Pronoun resolution is a shared task between the ChatScript engine and Rosette’s scripts. The
engine handles POS-tagging and deciding on elements to store into user variables representing
various resolutions for pronouns. The engine runs its code on all input and output (subject to
scripts)
At present, only one resolution is kept per variable:
$it_pronoun - everything not covered below which is a singular noun
$he_pronoun - male based names or words (e.g., “Tom” or the actor )
$she_pronoun - female based names or words (e.g., “Sarah Smith” or the actress)
$he-she_pronoun - gender unknown names or words but known to be beings (e.g., the doctor)
$they_pronoun - anded nouns, plural nouns, as well as “groups” of various kinds ( Tom and Jerry, horses, “The Beatles”)
$there_pronoun - proper nouns names of spatial/location places
The bot itself defines $here_pronoun for where it considers itself to be.
The variables are set with the noun phrase, not the noun. So “I saw John’s father” would store
$he_pronoun as “John’s father”, so there will be no ambiguity later about father. Once a variable has been set in a sentence, later words from that same sentence cannot change it.
Rosette then has a topic that preprocess inputs to convert pronoun refererences where appropriate
and resubmit the converted form as the new input. Rosette treats quoted expressions as a single
token, so never resolves pronouns inside it. Thus: John said “He ate meat” ., does not resolve anything.
I consider it error-prone and insufficiently useful to attempt such resolution.
Rosette currently considers replaces: he she it they here there .
A typical rule is:
a: HE ($he_pronoun _* he _* >) ^refine()
b: (his) ^input(‘_0 $he_pronoun ‘s ‘_1 $$punctuation) ^fail(SENTENCE)
b: (himself) ^input(‘_0 $he_pronoun ‘s self ‘_1 $$punctuation) ^fail(SENTENCE)
b: ([‘he ‘him]) ^input(‘_0 $he_pronoun ‘_1 $$punctuation) ^fail(SENTENCE)
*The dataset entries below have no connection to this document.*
lemma pos_def_sqrt_exists:
  fixes A :: "real^'n^'n"
  assumes pd: "pos_def A"
  shows "\<exists>S. pos_def S \<and> S ** S = A"
proof -
  have "sym_mat A" using pd by (simp add: pos_def_def)
  then obtain B lam where fin: "finite B"
    and orth: "orthonormal B"
    and eig: "\<And>b. b \<in> B \<Longrightarrow> A *v b = lam b *\<^sub>R b" and span: "span B = UNIV"
    by (rule sym_mat_orthonormal_eigenbasis) blast
  have lam: "lam b > 0" if "b \<in> B" for b
    using pos_def_eigenvalue_pos[OF pd eig[OF that]] orthonormalD[OF orth that that] by force
  define S where "S = matrix (\<lambda>x. \<Sum>b\<in>B. (sqrt (lam b) * (b \<bullet> x)) *\<^sub>R b)"
  note S = orthonormal_diagonal_matrix[OF fin orth S_def]
  have "(S ** S) *v b = A *v b" if b: "b \<in> B" for b
    using lam[OF b] by (simp add: matrix_vector_mul_assoc[symmetric] S(1)[OF b] eig[OF b]
        matrix_vector_mult_scaleR)
  then have "S ** S = A" by (rule matrix_eq_on_spanning_set[OF span])
  moreover have "x \<bullet> (S *v x) > 0" if x: "x \<noteq> 0" for x
  proof -
    obtain c where c: "c \<in> B" "c \<bullet> x \<noteq> 0"
      using orthonormal_spanning_inner_nonzero[OF fin orth span x] .
    show ?thesis
      unfolding S(3) using c lam by (intro sum_pos2[OF fin c(1)]) (auto simp: less_imp_le)
  qed
  ultimately show ?thesis using S(2) unfolding pos_def_def by blast
qed

lemma pos_def_sqrt_unique:
  fixes S T :: "real^'n^'n"
  assumes S: "pos_def S" and T: "pos_def T" and eq: "S ** S = T ** T"
  shows "S = T"
proof -
  have "sym_mat T" using T by (simp add: pos_def_def)
  then obtain B \<mu> where "finite B"
    and orth: "orthonormal B"
    and eig: "\<And>b. b \<in> B \<Longrightarrow> T *v b = \<mu> b *\<^sub>R b" and span: "span B = UNIV"
    by (rule sym_mat_orthonormal_eigenbasis) blast
  have "S *v b = T *v b" if b: "b \<in> B" for b
  proof -
    have \<mu>: "\<mu> b > 0"
      using pos_def_eigenvalue_pos[OF T eig[OF b]] orthonormalD[OF orth b b] by force
    define w where "w = S *v b - \<mu> b *\<^sub>R b"
    \<comment> \<open>\<open>(S + \<mu>) w = (S\<^sup>2 - \<mu>\<^sup>2) b = 0\<close>, so \<open>w\<close> would be an eigenvector of \<open>S\<close> with eigenvalue \<open>-\<mu> < 0\<close>.\<close>
    have "S *v (S *v b) = T *v (T *v b)" by (simp add: matrix_vector_mul_assoc eq)
    also have "\<dots> = (\<mu> b * \<mu> b) *\<^sub>R b" by (simp add: eig[OF b] matrix_vector_mult_scaleR)
    finally have "S *v w = - \<mu> b *\<^sub>R w"
      by (simp add: w_def matrix_vector_mult_diff_distrib matrix_vector_mult_scaleR algebra_simps)
    then have "w \<bullet> (S *v w) = - \<mu> b * (w \<bullet> w)" by simp
    then have "\<not> w \<bullet> (S *v w) > 0" using \<mu> inner_ge_zero[of w] by (simp add: not_less)
    then have "w = 0" using S unfolding pos_def_def by blast
    then show ?thesis by (simp add: w_def eig[OF b])
  qed
  then show ?thesis by (rule matrix_eq_on_spanning_set[OF span])
qed

lemma pos_def_mat_sqrt:
  fixes A :: "real^'n^'n"
  assumes "pos_def A"
  shows "pos_def (mat_sqrt A)" and "mat_sqrt A ** mat_sqrt A = A"
proof -
  obtain S where S: "pos_def S" "S ** S = A" using pos_def_sqrt_exists[OF assms] by blast
  have "mat_sqrt A = S" unfolding mat_sqrt_def
    by (rule the_equality) (use S pos_def_sqrt_unique in auto)
  then show "pos_def (mat_sqrt A)" "mat_sqrt A ** mat_sqrt A = A" using S by simp_all
qed

lemma matrix_inv_unique:
  fixes A B :: "'a::field^'n^'n"
  assumes "A ** B = mat 1"
  shows "matrix_inv A = B"
proof -
  have "B ** A = mat 1" using assms matrix_left_right_inverse by blast
  then have "\<exists>A'. A ** A' = mat 1 \<and> A' ** A = mat 1" using assms by blast
  then have "matrix_inv A ** A = mat 1"
    unfolding matrix_inv_def by (rule someI2_ex) blast
  then have "B = matrix_inv A ** (A ** B)" by (simp add: matrix_mul_assoc)
  then show ?thesis by (simp add: assms)
qed

lemma matrix_inv_right:
  fixes A :: "'a::field^'n^'n"
  assumes "invertible A"
  shows "A ** matrix_inv A = mat 1"
  using assms matrix_inv_unique unfolding invertible_right_inverse by metis

lemma matrix_inv_left:
  fixes A :: "'a::field^'n^'n"
  assumes "invertible A"
  shows "matrix_inv A ** A = mat 1"
  using matrix_inv_right[OF assms] matrix_left_right_inverse by blast

lemma pos_def_invertible:
  fixes S :: "real^'n^'n"
  assumes "pos_def S"
  shows "invertible S"
  using matrix_left_invertible_ker pos_def_mv_eq_0_iff[OF assms] invertible_left_inverse by blast

lemma sym_mat_matrix_inv:
  fixes S :: "real^'n^'n"
  assumes "sym_mat S" "invertible S"
  shows "sym_mat (matrix_inv S)"
proof -
  have "S ** transpose (matrix_inv S) = transpose (matrix_inv S ** S)"
    using assms(1) by (simp add: matrix_transpose_mul sym_mat_def)
  also have "\<dots> = mat 1" by (simp add: matrix_inv_left[OF assms(2)])
  finally have "matrix_inv S = transpose (matrix_inv S)" by (rule matrix_inv_unique)
  then show ?thesis by (simp add: sym_mat_def)
qed

lemma wnorm_mul_self:
  fixes M :: "real^'n^'n"
  assumes "sym_mat M"
  shows "wnorm (M ** M) x = norm (M *v x)"
  using sym_mat_inner_mv[OF assms, of x "M *v x"]
  by (simp add: wnorm_def norm_eq_sqrt_inner matrix_vector_mul_assoc[symmetric])

lemma wnorm_eq_norm_mat_sqrt:
  fixes A :: "real^'n^'n"
  assumes "pos_def A"
  shows "wnorm A x = norm (mat_sqrt A *v x)"
proof -
  have "sym_mat (mat_sqrt A)" using pos_def_mat_sqrt(1)[OF assms] by (simp add: pos_def_def)
  from wnorm_mul_self[OF this] show ?thesis by (simp add: pos_def_mat_sqrt(2)[OF assms])
qed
which says if we have a he pronoun value and some form of he was used in the sentence, rebuild
the sentence based on which he form was used, submit the new and cancel the current.
A bunch of rules are dedicated to deciding NOT to revise a reference, particularly for the word it.
E.g., “It is raining” would not be decoded, as all weather-related “it be” should be avoided.
Similarly, adding rules for something like “This guy” or “The man” would be this pattern:
a: HE1 ($he_pronoun _* [this that the] ~males _* >